By Mary Elizabeth Williams

Senior Writer

Published October 12, 2011 3:03PM (EDT)

Ashton Kutcher    (AP/Katy Winn)
Ashton Kutcher (AP/Katy Winn)

You can't be a married celebrity without being haunted by rumors of infidelity. But on Tuesday, the tawdry frenzy surrounding Ashton Kutcher's alleged recent indiscretion got a novel twist – with the casual allegation that the encounter wasn't just extramarital, it was downright unsafe.

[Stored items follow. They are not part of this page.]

(*
  The homodyne likelihood is Gaussian in q: the squeezed vacuum has position density
  |psi(y)|^2 = exp(-y^2/Gamma)/sqrt(pi Gamma), with Gamma = |cosh r - e^{i phi} sinh r|^2, and the
  displacement only shifts its argument by sqrt 2 Re alpha and multiplies by a phase. So the
  likelihood is a normal density with mean sqrt 2 Re alpha and variance Gamma/2, not depending on
  Im alpha. A prior that is a product of normal densities in Re alpha and Im alpha is therefore
  conjugate: completing the square, the posterior is again such a product, the Im alpha factor is
  unchanged and the precision of the Re alpha factor grows by 4/Gamma, independently of q.
  Gamma is smallest at phi = 0, where it equals e^{-2r}; m rounds add 4 m e^{2r} to the precision.
*)

lemma of_real_cosh_sinh_tanh:
  "cosh (complex_of_real r) = complex_of_real (cosh r)"
  "sinh (complex_of_real r) = complex_of_real (sinh r)"
  "tanh (complex_of_real r) = complex_of_real (tanh r)"
  by (simp_all add: cosh_def sinh_def tanh_def scaleR_conv_of_real flip: exp_of_real)

lemma Gamma_sq_pos: "Gamma_sq r \<phi> > 0"
proof -
  have "\<bar>cos \<phi> * sinh (2 * r)\<bar> \<le> \<bar>sinh (2 * r)\<bar>"
    by (simp add: abs_mult mult_left_le_one_le)
  moreover have "\<bar>sinh (2 * r)\<bar> < cosh (2 * r)"
  proof (rule power2_less_imp_less)
    show "\<bar>sinh (2 * r)\<bar>\<^sup>2 < (cosh (2 * r))\<^sup>2" using cosh_square_eq[of "2 * r"] by simp
  qed simp
  ultimately show ?thesis unfolding Gamma_sq_def by linarith
qed

lemma Gamma_sq_eq_sum_squares:
  "Gamma_sq r \<phi> = (cosh r - cos \<phi> * sinh r)\<^sup>2 + (sin \<phi> * sinh r)\<^sup>2"
proof -
  have "(cosh r - cos \<phi> * sinh r)\<^sup>2 + (sin \<phi> * sinh r)\<^sup>2
      = (cosh r)\<^sup>2 + ((cos \<phi>)\<^sup>2 + (sin \<phi>)\<^sup>2) * (sinh r)\<^sup>2 - 2 * cos \<phi> * sinh r * cosh r"
    by algebra
  then show ?thesis unfolding Gamma_sq_def cosh_double sinh_double by simp
qed

lemma Gamma_sq_zero: "Gamma_sq r 0 = exp (- (2 * r))"
  unfolding Gamma_sq_def by (simp add: cosh_minus_sinh)

lemma Gamma_sq_zero_le:
  assumes "r \<ge> 0"
  shows "Gamma_sq r 0 \<le> Gamma_sq r \<phi>"
proof -
  have "cos \<phi> * sinh (2 * r) \<le> 1 * sinh (2 * r)"
    by (rule mult_right_mono) (use assms in simp_all)
  then show ?thesis unfolding Gamma_sq_def by simp
qed

lemma norm_squeezing_factor:
  "cmod (complex_of_real (cosh r) - cis \<phi> * complex_of_real (sinh r)) = sqrt (Gamma_sq r \<phi>)"
  unfolding Gamma_sq_eq_sum_squares cmod_def by simp

lemma Re_squeezing_exponent:
  "Re ((1 + cis \<phi> * complex_of_real (tanh r)) / (1 - cis \<phi> * complex_of_real (tanh r)))
     = 1 / Gamma_sq r \<phi>"
proof -
  define c d where "c = cosh r" and "d = sinh r"
  have c: "c \<noteq> 0" unfolding c_def by simp
  then have "1 + cis \<phi> * complex_of_real (tanh r) = (c + cis \<phi> * d) / c"
    and "1 - cis \<phi> * complex_of_real (tanh r) = (c - cis \<phi> * d) / c"
    unfolding tanh_def c_def d_def by (simp_all add: field_simps)
  then have "(1 + cis \<phi> * complex_of_real (tanh r)) / (1 - cis \<phi> * complex_of_real (tanh r))
      = (c + cis \<phi> * d) / (c - cis \<phi> * d)"
    using c by simp
  also have "Re \<dots> = 1 / Gamma_sq r \<phi>"
  proof -
    have "Re (c + cis \<phi> * d) * Re (c - cis \<phi> * d) + Im (c + cis \<phi> * d) * Im (c - cis \<phi> * d)
        = (c + cos \<phi> * d) * (c - cos \<phi> * d) - (sin \<phi> * d) * (sin \<phi> * d)"
      by simp
    also have "\<dots> = c\<^sup>2 - ((cos \<phi>)\<^sup>2 + (sin \<phi>)\<^sup>2) * d\<^sup>2"
      by algebra
    also have "\<dots> = 1"
      using cosh_square_eq[of r] unfolding c_def d_def by simp
    moreover have "(Re (c - cis \<phi> * d))\<^sup>2 + (Im (c - cis \<phi> * d))\<^sup>2 = Gamma_sq r \<phi>"
      unfolding Gamma_sq_eq_sum_squares c_def d_def by simp
    ultimately show ?thesis unfolding Re_divide by simp
  qed
  finally show ?thesis .
qed

lemma squeezed_wf_cmod_power2:
  "(cmod (squeezed_wf r \<phi> y))\<^sup>2 = exp (- y\<^sup>2 / Gamma_sq r \<phi>) / sqrt (pi * Gamma_sq r \<phi>)"
proof -
  define G where "G = Gamma_sq r \<phi>"
  have G: "G > 0" unfolding G_def by (rule Gamma_sq_pos)
  have prefactor: "(pi powr (-1/4))\<^sup>2 = 1 / sqrt pi"
    by (simp add: power2_eq_square flip: powr_add) (simp add: powr_minus_divide powr_half_sqrt)
  have normalisation: "(cmod (inverse (csqrt (complex_of_real (cosh r) - cis \<phi> * complex_of_real (sinh r)))))\<^sup>2
      = 1 / sqrt G"
    unfolding norm_inverse norm_csqrt norm_squeezing_factor G_def[symmetric]
    using G by (simp add: power_inverse divide_inverse)
  have Re_scale: "Re (complex_of_real k * w) = k * Re w" for k w
    by simp
  have exponent: "- complex_of_real (y\<^sup>2 / 2) * (1 + cis \<phi> * complex_of_real (tanh r))
            / (1 - cis \<phi> * complex_of_real (tanh r))
      = complex_of_real (- y\<^sup>2 / 2) * ((1 + cis \<phi> * complex_of_real (tanh r))
            / (1 - cis \<phi> * complex_of_real (tanh r)))"
    by simp
  have "Re (- complex_of_real (y\<^sup>2 / 2) * (1 + cis \<phi> * complex_of_real (tanh r))
            / (1 - cis \<phi> * complex_of_real (tanh r))) = - y\<^sup>2 / (2 * G)"
    unfolding exponent Re_scale Re_squeezing_exponent G_def by simp
  then have gaussian: "(cmod (exp (- complex_of_real (y\<^sup>2 / 2) * (1 + cis \<phi> * complex_of_real (tanh r))
            / (1 - cis \<phi> * complex_of_real (tanh r)))))\<^sup>2 = exp (- y\<^sup>2 / G)"
    unfolding norm_exp_eq_Re by (simp add: power2_eq_square flip: exp_add)
  show ?thesis
    unfolding squeezed_wf_def of_real_cosh_sinh_tanh norm_mult power_mult_distrib
      normalisation gaussian G_def[symmetric]
    using prefactor by (simp add: real_sqrt_mult)
qed

lemma likelihood_eq_normal_density:
  "likelihood r \<phi> q \<alpha> = normal_density (sqrt 2 * Re \<alpha>) (sqrt (Gamma_sq r \<phi> / 2)) q"
proof -
  have G: "Gamma_sq r \<phi> > 0" by (rule Gamma_sq_pos)
  have phase: "cmod (exp (\<i> * complex_of_real t)) = 1" for t
    unfolding norm_exp_eq_Re by simp
  have "likelihood r \<phi> q \<alpha> = (cmod (squeezed_wf r \<phi> (q - sqrt 2 * Re \<alpha>)))\<^sup>2"
    unfolding likelihood_def displace_wf_def norm_mult phase by simp
  then show ?thesis
    unfolding squeezed_wf_cmod_power2 normal_density_def using G by (simp add: power2_commute)
qed

lemma normal_density_linear_mean_mult:
  fixes c s \<sigma> \<mu> q x :: real
  assumes s: "s > 0" and \<sigma>: "\<sigma> > 0"
  defines "T \<equiv> s\<^sup>2 + c\<^sup>2 * \<sigma>\<^sup>2"
  shows "normal_density (c * x) s q * normal_density \<mu> \<sigma> x =
    normal_density (c * \<mu>) (sqrt T) q *
    normal_density ((c * \<sigma>\<^sup>2 * q + \<mu> * s\<^sup>2) / T) (sqrt (s\<^sup>2 * \<sigma>\<^sup>2 / T)) x"
proof -
  have T: "T > 0" unfolding T_def using s \<sigma> by (simp add: add_pos_nonneg)
  have completed_square: "\<sigma>\<^sup>2 * T * (q - c * x)\<^sup>2 + s\<^sup>2 * T * (x - \<mu>)\<^sup>2
      = s\<^sup>2 * \<sigma>\<^sup>2 * (q - c * \<mu>)\<^sup>2 + (T * x - (c * \<sigma>\<^sup>2 * q + \<mu> * s\<^sup>2))\<^sup>2"
    unfolding T_def by algebra
  have "- (q - c * x)\<^sup>2 / (2 * s\<^sup>2) + - (x - \<mu>)\<^sup>2 / (2 * \<sigma>\<^sup>2)
      = - (\<sigma>\<^sup>2 * T * (q - c * x)\<^sup>2 + s\<^sup>2 * T * (x - \<mu>)\<^sup>2) / (2 * s\<^sup>2 * \<sigma>\<^sup>2 * T)"
    using s \<sigma> T by (simp add: field_simps)
  also have "\<dots> = - (q - c * \<mu>)\<^sup>2 / (2 * T)
      + - (x - (c * \<sigma>\<^sup>2 * q + \<mu> * s\<^sup>2) / T)\<^sup>2 / (2 * (s\<^sup>2 * \<sigma>\<^sup>2 / T))"
  proof -
    have "x - (c * \<sigma>\<^sup>2 * q + \<mu> * s\<^sup>2) / T = (T * x - (c * \<sigma>\<^sup>2 * q + \<mu> * s\<^sup>2)) / T"
      using T by (simp add: field_simps)
    then show ?thesis
      unfolding completed_square using s \<sigma> T by (simp add: field_simps power_divide power2_eq_square)
  qed
  finally have exponent: "- (q - c * x)\<^sup>2 / (2 * s\<^sup>2) + - (x - \<mu>)\<^sup>2 / (2 * \<sigma>\<^sup>2)
      = - (q - c * \<mu>)\<^sup>2 / (2 * T)
      + - (x - (c * \<sigma>\<^sup>2 * q + \<mu> * s\<^sup>2) / T)\<^sup>2 / (2 * (s\<^sup>2 * \<sigma>\<^sup>2 / T))" .
  have "(2 * pi * s\<^sup>2) * (2 * pi * \<sigma>\<^sup>2) = (2 * pi * T) * (2 * pi * (s\<^sup>2 * \<sigma>\<^sup>2 / T))"
    using T by simp
  then have prefactor: "1 / sqrt (2 * pi * s\<^sup>2) * (1 / sqrt (2 * pi * \<sigma>\<^sup>2))
      = 1 / sqrt (2 * pi * T) * (1 / sqrt (2 * pi * (s\<^sup>2 * \<sigma>\<^sup>2 / T)))"
    by (simp flip: real_sqrt_mult)
  have "(sqrt T)\<^sup>2 = T" "(sqrt (s\<^sup>2 * \<sigma>\<^sup>2 / T))\<^sup>2 = s\<^sup>2 * \<sigma>\<^sup>2 / T"
    using T by simp_all
  moreover have "(a * exp e1) * (b * exp e2) = (a * b) * exp (e1 + e2)" for a b e1 e2 :: real
    by (simp add: exp_add)
  ultimately show ?thesis
    unfolding normal_density_def by (simp only: exponent prefactor)
qed

lemma nn_integral_lborel_Re_Im_mult:
  fixes f g :: "real \<Rightarrow> ennreal"
  assumes [measurable]: "f \<in> borel_measurable borel" "g \<in> borel_measurable borel"
  shows "(\<integral>\<^sup>+\<alpha>. f (Re \<alpha>) * g (Im \<alpha>) \<partial>lborel) = (\<integral>\<^sup>+x. f x \<partial>lborel) * (\<integral>\<^sup>+y. g y \<partial>lborel)"
proof -
  define F where "F = (\<lambda>b::complex. if b = 1 then f else g)"
  have "\<i> \<noteq> 1" by (simp add: complex_eq_iff)
  then have "(\<lambda>\<alpha>. f (Re \<alpha>) * g (Im \<alpha>)) = (\<lambda>\<alpha>. \<Prod>b\<in>Basis. F b (\<alpha> \<bullet> b))"
    and "(\<integral>\<^sup>+x. f x \<partial>lborel) * (\<integral>\<^sup>+y. g y \<partial>lborel) = (\<Prod>b\<in>Basis. integral\<^sup>N lborel (F b))"
    by (auto simp: Basis_complex_def F_def inner_complex_def mult.commute)
  moreover have "(\<integral>\<^sup>+\<alpha>. (\<Prod>b\<in>Basis. F b (\<alpha> \<bullet> b)) \<partial>lborel) = (\<Prod>b\<in>Basis. integral\<^sup>N lborel (F b))"
    by (rule nn_integral_lborel_prod) (simp_all add: F_def)
  ultimately show ?thesis by simp
qed

lemma integral_lborel_Re_Im_mult:
  fixes f g :: "real \<Rightarrow> real"
  assumes "integrable lborel f" "integrable lborel g" "\<And>x. f x \<ge> 0" "\<And>y. g y \<ge> 0"
  shows "(LINT \<alpha>|lborel. f (Re \<alpha>) * g (Im \<alpha>)) = (LINT x|lborel. f x) * (LINT y|lborel. g y)"
proof (rule has_bochner_integral_integral_eq, rule has_bochner_integral_nn_integral)
  have [measurable]: "f \<in> borel_measurable borel" "g \<in> borel_measurable borel"
    using assms(1,2) by (simp_all add: borel_measurable_integrable)
  show "(\<lambda>\<alpha>. f (Re \<alpha>) * g (Im \<alpha>)) \<in> borel_measurable lborel"
    by measurable
  show "AE \<alpha> in lborel. 0 \<le> f (Re \<alpha>) * g (Im \<alpha>)" and "0 \<le> (LINT x|lborel. f x) * (LINT y|lborel. g y)"
    using assms by (simp_all add: integral_nonneg)
  have "(\<integral>\<^sup>+\<alpha>. ennreal (f (Re \<alpha>) * g (Im \<alpha>)) \<partial>lborel)
      = (\<integral>\<^sup>+x. ennreal (f x) \<partial>lborel) * (\<integral>\<^sup>+y. ennreal (g y) \<partial>lborel)"
    using assms(3,4) by (simp add: ennreal_mult) (rule nn_integral_lborel_Re_Im_mult; measurable)
  also have "\<dots> = ennreal ((LINT x|lborel. f x) * (LINT y|lborel. g y))"
    using assms by (simp add: nn_integral_eq_integral ennreal_mult integral_nonneg)
  finally show "(\<integral>\<^sup>+\<alpha>. ennreal (f (Re \<alpha>) * g (Im \<alpha>)) \<partial>lborel)
      = ennreal ((LINT x|lborel. f x) * (LINT y|lborel. g y))" .
qed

It was only a matter of time before the blonde who purportedly romped with Ashton Kutcher on the eve of his wedding anniversary last month sold her story to the tabloids. And sure enough, this week, Sara Leal spilled her account of a night of forbidden passion with the married star of "Two and a Half Men" to Us magazine. But along with the uninspired details that "We had sex twice," and the underwhelming report that "He was good, but it wasn't weird or perverted or creepy," what's troubling about Leal's account is her bold brag that Kutcher didn't wear a condom.

Exactly what happened in a San Diego Hard Rock hotel a few weeks ago is known only to those who were there. But that particular detail – and Leal's eagerness to share it – show just how much attitudes and behaviors have changed in the last few years. And that taking risks is no longer the great taboo it once was.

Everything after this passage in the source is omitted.